Mexico Travel: My First Day Studying Spanish and a Trip to Downtown Guadalajara

On this sunny Monday morning I got up early to download my pictures from my exciting three-day weekend in Guanajuato. I also had to get ready for my first language class at the Guadalajara Language Center, located in Guadalajara’s Tlaquepaque district, which was literally less than a minute away from the family that I had been staying with.
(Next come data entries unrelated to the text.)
lemma g_shift_le_above_below_threshold:
  fixes t e u v :: real
  assumes "0 < e" "e \<le> 1" "0 \<le> t" "0 < v" "t + e \<le> u" "v < t"
  shows "g (t + e) u \<le> (1 + e) * g t v + (1 + e) / e\<^sup>2 * \<bar>u - v\<bar>"
proof -
  define d where "d = u - v"
  have d: "e < d" "\<bar>u - v\<bar> = d" using assms by (auto simp: d_def)
  have penalty: "(1 + e) / e\<^sup>2 * d = d / e\<^sup>2 + d / e"
    using assms by (simp add: field_simps power2_eq_square)
  have "1 / e \<le> d / e\<^sup>2" "d \<le> d / e"
    using d assms by (simp_all add: field_simps power2_eq_square)
  moreover have "1 \<le> 1 / e" using assms by simp
  moreover have "g t v = max 1 v" "1 \<le> max 1 v" "v \<le> max 1 v"
    using g_below_threshold[of v t] assms by simp_all
  ultimately have "max (1 + 1 / e) (1 + v + d) \<le> g t v + (1 + e) / e\<^sup>2 * \<bar>u - v\<bar>"
    unfolding d(2) penalty max.bounded_iff using d(1) assms(1) by (intro conjI; linarith)
  moreover have "g (t + e) u \<le> max (1 + 1 / e) (1 + v + d)"
  proof (cases "1 \<le> u")
    case True
    then show ?thesis using assms by (simp add: g_above_threshold d_def)
  next
    case False
    have "g (t + e) u = (1 + (t + e)) / u" using False assms by (simp add: g_above_threshold)
    also have "\<dots> \<le> (1 + (t + e)) / (t + e)" using assms by (intro divide_left_mono) auto
    also have "\<dots> = 1 + 1 / (t + e)" using assms by (simp add: field_simps)
    also have "\<dots> \<le> 1 + 1 / e" using assms by (simp add: frac_le)
    finally show ?thesis by simp
  qed
  moreover have "g t v \<le> (1 + e) * g t v" using one_le_g[of t v] assms by simp
  ultimately show ?thesis by linarith
qed

lemma g_shift_le:
  fixes t e u v :: real
  assumes "0 < e" "e \<le> 1" "0 \<le> t" "0 < u" "0 < v"
  shows "g (t + e) u \<le> (1 + e) * g t v + (1 + e) / e\<^sup>2 * \<bar>u - v\<bar>"
  using g_shift_le_below_threshold g_shift_le_both_above_threshold g_shift_le_above_below_threshold
    assms by (cases "u < t + e"; cases "t \<le> v") auto

lemma g_measurable [measurable]: "g \<theta> \<in> borel_measurable borel"
  unfolding g_def by measurable

lemma coupling_measurable_iff:
  "coupling J X Y \<Longrightarrow> measurable J N = measurable (borel \<Otimes>\<^sub>M borel) N"
  by (intro measurable_cong_sets) (simp_all add: coupling_def borel_prod[symmetric])

lemma nn_integral_le_coupling:
  fixes f h :: "real \<Rightarrow> ennreal"
  assumes J: "coupling J X Y"
    and [measurable]: "f \<in> borel_measurable borel" "h \<in> borel_measurable borel"
    and "AE x in X. P x" "AE y in Y. Q y"
    and f_le: "\<And>x y. P x \<Longrightarrow> Q y \<Longrightarrow> f x \<le> a * h y + b * ennreal \<bar>x - y\<bar>"
  shows "(\<integral>\<^sup>+ x. f x \<partial>X) \<le> a * (\<integral>\<^sup>+ y. h y \<partial>Y) + b * (\<integral>\<^sup>+ p. ennreal \<bar>fst p - snd p\<bar> \<partial>J)"
proof -
  have X: "X = distr J borel fst" and Y: "Y = distr J borel snd"
    using J by (simp_all add: coupling_def)
  have [measurable]: "fst \<in> J \<rightarrow>\<^sub>M borel" "snd \<in> J \<rightarrow>\<^sub>M borel"
    by (simp_all add: coupling_measurable_iff[OF J])
  have "AE p in J. P (fst p)" using assms(4) unfolding X by (rule AE_distrD[rotated]) measurable
  moreover have "AE p in J. Q (snd p)" using assms(5) unfolding Y by (rule AE_distrD[rotated]) measurable
  ultimately
  have "AE p in J. f (fst p) \<le> a * h (snd p) + b * ennreal \<bar>fst p - snd p\<bar>"
    by eventually_elim (rule f_le)
  then have "(\<integral>\<^sup>+ p. f (fst p) \<partial>J)
      \<le> (\<integral>\<^sup>+ p. a * h (snd p) + b * ennreal \<bar>fst p - snd p\<bar> \<partial>J)"
    by (rule nn_integral_mono_AE)
  also have "\<dots> = a * (\<integral>\<^sup>+ p. h (snd p) \<partial>J) + b * (\<integral>\<^sup>+ p. ennreal \<bar>fst p - snd p\<bar> \<partial>J)"
    by (simp add: nn_integral_add nn_integral_cmult coupling_measurable_iff[OF J])
  finally show ?thesis unfolding X Y by (simp add: nn_integral_distr)
qed

lemma le_add_mult_EMD:
  assumes "\<And>J. coupling J X Y \<Longrightarrow> A \<le> B + ennreal b * (\<integral>\<^sup>+ p. ennreal \<bar>fst p - snd p\<bar> \<partial>J)"
    and "EMD X Y < \<infinity>"
  shows "A \<le> B + ennreal b * EMD X Y"
proof -
  define S where "S = (\<lambda>J. \<integral>\<^sup>+ p. ennreal \<bar>fst p - snd p\<bar> \<partial>J) ` {J. coupling J X Y}"
  have EMD: "EMD X Y = Inf S" by (simp add: EMD_def S_def)
  have "Inf S \<noteq> \<infinity>" using assms(2) unfolding EMD by (rule less_imp_neq)
  then have "S \<noteq> {}" by (metis Inf_empty infinity_ennreal_def)
  have "continuous (at_right (Inf S)) (\<lambda>z. B + ennreal b * z)"
    unfolding continuous_within by (intro tendsto_intros) (use \<open>Inf S \<noteq> \<infinity>\<close> in simp)
  then have "B + ennreal b * Inf S = (INF z\<in>S. B + ennreal b * z)"
    using \<open>S \<noteq> {}\<close> by (intro continuous_at_Inf_mono) (auto simp: mono_def add_left_mono mult_left_mono)
  also have "A \<le> \<dots>" using assms(1) by (auto simp: S_def intro!: INF_greatest)
  finally show ?thesis by (simp add: EMD)
qed

lemma one_le_nn_integral_g:
  assumes "prob_space D" "AE y in D. 0 < y" "0 \<le> \<theta>"
  shows "1 \<le> (\<integral>\<^sup>+ y. ennreal (g \<theta> y) \<partial>D)"
proof -
  have "(1::ennreal) = (\<integral>\<^sup>+ y. 1 \<partial>D)" using assms(1) by (simp add: prob_space.emeasure_space_1)
  also have "\<dots> \<le> (\<integral>\<^sup>+ y. ennreal (g \<theta> y) \<partial>D)"
    using assms(2) by (intro nn_integral_mono_AE) (auto elim!: eventually_mono intro: one_le_g[OF assms(3)])
  finally show ?thesis .
qed

lemma ennreal_g_shift_le:
  fixes t e u v :: real
  assumes "0 < e" "e \<le> 1" "0 \<le> t" "0 < u" "0 < v"
  shows "ennreal (g (t + e) u)
    \<le> ennreal (1 + e) * ennreal (g t v) + ennreal ((1 + e) / e\<^sup>2) * ennreal \<bar>u - v\<bar>"
proof -
  define c where "c = (1 + e) / e\<^sup>2"
  have "0 \<le> 1 + e" "0 \<le> g t v" "0 \<le> c" "0 \<le> \<bar>u - v\<bar>"
    using one_le_g[of t v] assms by (simp_all add: c_def)
  then have "ennreal ((1 + e) * g t v + c * \<bar>u - v\<bar>)
      = ennreal (1 + e) * ennreal (g t v) + ennreal c * ennreal \<bar>u - v\<bar>"
    by (metis ennreal_mult ennreal_plus mult_nonneg_nonneg)
  with g_shift_le[OF assms] show ?thesis by (metis c_def ennreal_leI)
qed

lemma nn_integral_g_shift_le_EMD:
  fixes e t :: real
  assumes "0 < e" "e \<le> 1" "0 \<le> t"
    and "AE y in D1. 0 < y" "AE y in D2. 0 < y" "EMD D1 D2 < \<infinity>"
  shows "(\<integral>\<^sup>+ y. ennreal (g (t + e) y) \<partial>D1)
    \<le> ennreal (1 + e) * (\<integral>\<^sup>+ y. ennreal (g t y) \<partial>D2) + ennreal ((1 + e) / e\<^sup>2) * EMD D1 D2"
proof (rule le_add_mult_EMD)
  fix J assume "coupling J D1 D2"
  then show "(\<integral>\<^sup>+ y. ennreal (g (t + e) y) \<partial>D1) \<le> ennreal (1 + e) * (\<integral>\<^sup>+ y. ennreal (g t y) \<partial>D2)
      + ennreal ((1 + e) / e\<^sup>2) * (\<integral>\<^sup>+ p. ennreal \<bar>fst p - snd p\<bar> \<partial>J)"
    using assms(4,5) ennreal_g_shift_le[OF assms(1-3)]
    by (intro nn_integral_le_coupling[where P = "\<lambda>x. 0 < x" and Q = "\<lambda>y. 0 < y"]) simp_all
qed (rule assms(6))

theorem mainTheorem6:
  fixes \<epsilon> \<Delta> \<theta> :: real and D1 D2 :: "real measure"
  assumes "0 < \<epsilon>" and "\<epsilon> \<le> 0.01" and "0 \<le> \<Delta>"
    and "real_distr D1" and "AE y in D1. 0 < y"
    and "real_distr D2" and "AE y in D2. 0 < y"
    and "EMD D1 D2 \<le> ennreal \<Delta>"
    and "0 < \<theta>"
  shows "(\<integral>\<^sup>+ y. ennreal (g (\<theta> + \<epsilon>) y) \<partial>D1)
           \<le> ennreal ((1 + \<epsilon>) * (1 + \<Delta> / \<epsilon>\<^sup>2)) * (\<integral>\<^sup>+ y. ennreal (g \<theta> y) \<partial>D2)"
proof -
  define c where "c = (1 + \<epsilon>) / \<epsilon>\<^sup>2"
  define I2 where "I2 = (\<integral>\<^sup>+ y. ennreal (g \<theta> y) \<partial>D2)"
  have \<epsilon>: "0 < \<epsilon>" "\<epsilon> \<le> 1" and "0 \<le> \<theta>" "0 \<le> c" using assms(1,2,9) by (simp_all add: c_def)
  have "1 \<le> I2"
    unfolding I2_def using one_le_nn_integral_g assms(6,7) \<open>0 \<le> \<theta>\<close> by (simp add: real_distr_def)
  have "(\<integral>\<^sup>+ y. ennreal (g (\<theta> + \<epsilon>) y) \<partial>D1) \<le> ennreal (1 + \<epsilon>) * I2 + ennreal c * EMD D1 D2"
    unfolding I2_def c_def using assms(5,7,8)
    by (intro nn_integral_g_shift_le_EMD \<epsilon> \<open>0 \<le> \<theta>\<close>) (simp_all add: le_less_trans)
  also have "ennreal c * EMD D1 D2 \<le> ennreal (c * \<Delta>) * 1"
    using mult_left_mono[OF assms(8)] \<open>0 \<le> c\<close> assms(3) by (simp add: ennreal_mult)
  also have "\<dots> \<le> ennreal (c * \<Delta>) * I2" using \<open>1 \<le> I2\<close> by (rule mult_left_mono) simp
  also have "ennreal (1 + \<epsilon>) * I2 + ennreal (c * \<Delta>) * I2 = ennreal (1 + \<epsilon> + c * \<Delta>) * I2"
    using \<epsilon> \<open>0 \<le> c\<close> assms(3) by (subst ennreal_plus) (auto simp: distrib_right)
  also have "1 + \<epsilon> + c * \<Delta> = (1 + \<epsilon>) * (1 + \<Delta> / \<epsilon>\<^sup>2)"
    using \<epsilon> by (simp add: c_def field_simps)
  finally show ?thesis by (simp add: I2_def add_left_mono)
qed

end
My class was to start at 9 am and my co-students started arriving one by one: there was Michael, in his early 20s, a computer expert from San Diego, and Jorge (or rather George), a retired university professor in his late 1970s from the west coast. Our local teacher Miguel had also arrived. We spent the next two hours dealing with rather complicated grammatical subjects such as the subjuntivo, the differences between the use of the imperfecto and the indefinido, contrasting the use of por and para and studying a variety of local idioms. George’s language skills were extremely advanced - he even knew some of the local slang that only native speakers were familiar with. Michael’s knowledge was more intermediate while I was somewhere in between.


My teacher Miguel (on the right), and my friends George and Michael - studying hard

Language study travel is one of my favourite types of travel, and I had already studied Spanish and Italian in different places around Cuba, Mexico and Sicily. I was really looking forward to my week of Spanish studies and was enjoying my lessons. At 11 am our first round of lessons finished and I asked the owner of the Guadalajara Language Center where to go for lunch. Wouter, always cheerful and willing to help out, sent me just down the street to get some “sincronizadas”, essentially two flat tortillas with melted cheese, ham, tomatoes and onions. This is a very cheap, yet extremely tasty meal and a favourite of many students at the Guadalajara Language Center.


Sincronizadas - my favourite inexpensive lunch

My lessons were finished now since I had only signed up for two hours of Spanish instruction a day, but most of the other students at the Guadalajara Language Center headed back for two more classes after lunch. A two-hour a day language study ritual works out best for me since I need sufficient time to explore the local destinations. This timetable allows me to study languages while also focussing on my travel writing, my photography and videography.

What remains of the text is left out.